■ **PROBLEM REQUIREMENTS**:
Every line containing the word "assms" must be pulled from the records.

(SOURCE DATA begins)

lemma is_stable_insert:
  "is_stable E (insert v A) \<longleftrightarrow> \<not> E v v \<and> (\<forall>y\<in>A. \<not> E v y \<and> \<not> E y v) \<and> is_stable E A"
  by (auto simp: is_stable_def)

lemma is_clique_insert:
  "is_clique E (insert v A) \<longleftrightarrow> (\<forall>y\<in>A. y \<noteq> v \<longrightarrow> E v y \<and> E y v) \<and> is_clique E A"
  by (auto simp: is_clique_def)

lemma simplicial_compl_iff_antisimplicial:
  assumes "simple_graph V E" and "v \<in> V"
  shows "simplicial V (compl_rel E) v \<longleftrightarrow> antisimplicial V E v"
proof -
  let ?N = "nbhd V (compl_rel E) v"
  have irr: "\<forall>x\<in>V. \<not> E x x" and sym: "\<forall>x\<in>V. \<forall>y\<in>V. E x y \<longleftrightarrow> E y x"
    using assms(1) by (auto simp: simple_graph_def)
  have "V - nbhd V E v = insert v ?N"
    using assms(2) irr by (auto simp: nbhd_def compl_rel_def)
  moreover have "\<forall>y\<in>?N. \<not> E v y \<and> \<not> E y v"
    using assms(2) sym by (auto simp: nbhd_def compl_rel_def)
  moreover have "is_clique (compl_rel E) ?N \<longleftrightarrow> is_stable E ?N"
    using irr by (intro is_clique_compl_iff_is_stable) (auto simp: nbhd_def)
  ultimately show ?thesis
    using assms(2) irr by (simp add: simplicial_def antisimplicial_def is_stable_insert)
qed

lemma antisimplicial_compl_iff_simplicial:
  assumes "simple_graph V E" and "v \<in> V"
  shows "antisimplicial V (compl_rel E) v \<longleftrightarrow> simplicial V E v"
proof -
  let ?N = "nbhd V E v"
  have sym: "\<forall>x\<in>V. \<forall>y\<in>V. E x y \<longleftrightarrow> E y x"
    using assms(1) by (auto simp: simple_graph_def)
  have "V - nbhd V (compl_rel E) v = insert v ?N"
    using assms(2) by (auto simp: nbhd_def compl_rel_def)
  moreover have "\<forall>y\<in>?N. y \<noteq> v \<longrightarrow> E v y \<and> E y v"
    using assms(2) sym by (auto simp: nbhd_def)
  ultimately show ?thesis
    using assms(2)
    by (simp add: simplicial_def antisimplicial_def is_stable_compl_iff_is_clique is_clique_insert)
qed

(SOURCE DATA ends)

■ **THE COMPLETED TASK**:
    using assms(1) by (auto simp: simple_graph_def)
    using assms(2) irr by (auto simp: nbhd_def compl_rel_def)
    using assms(2) sym by (auto simp: nbhd_def compl_rel_def)
    using assms(2) irr by (simp add: simplicial_def antisimplicial_def is_stable_insert)
    using assms(1) by (auto simp: simple_graph_def)
    using assms(2) by (auto simp: nbhd_def compl_rel_def)
    using assms(2) sym by (auto simp: nbhd_def)
    using assms(2)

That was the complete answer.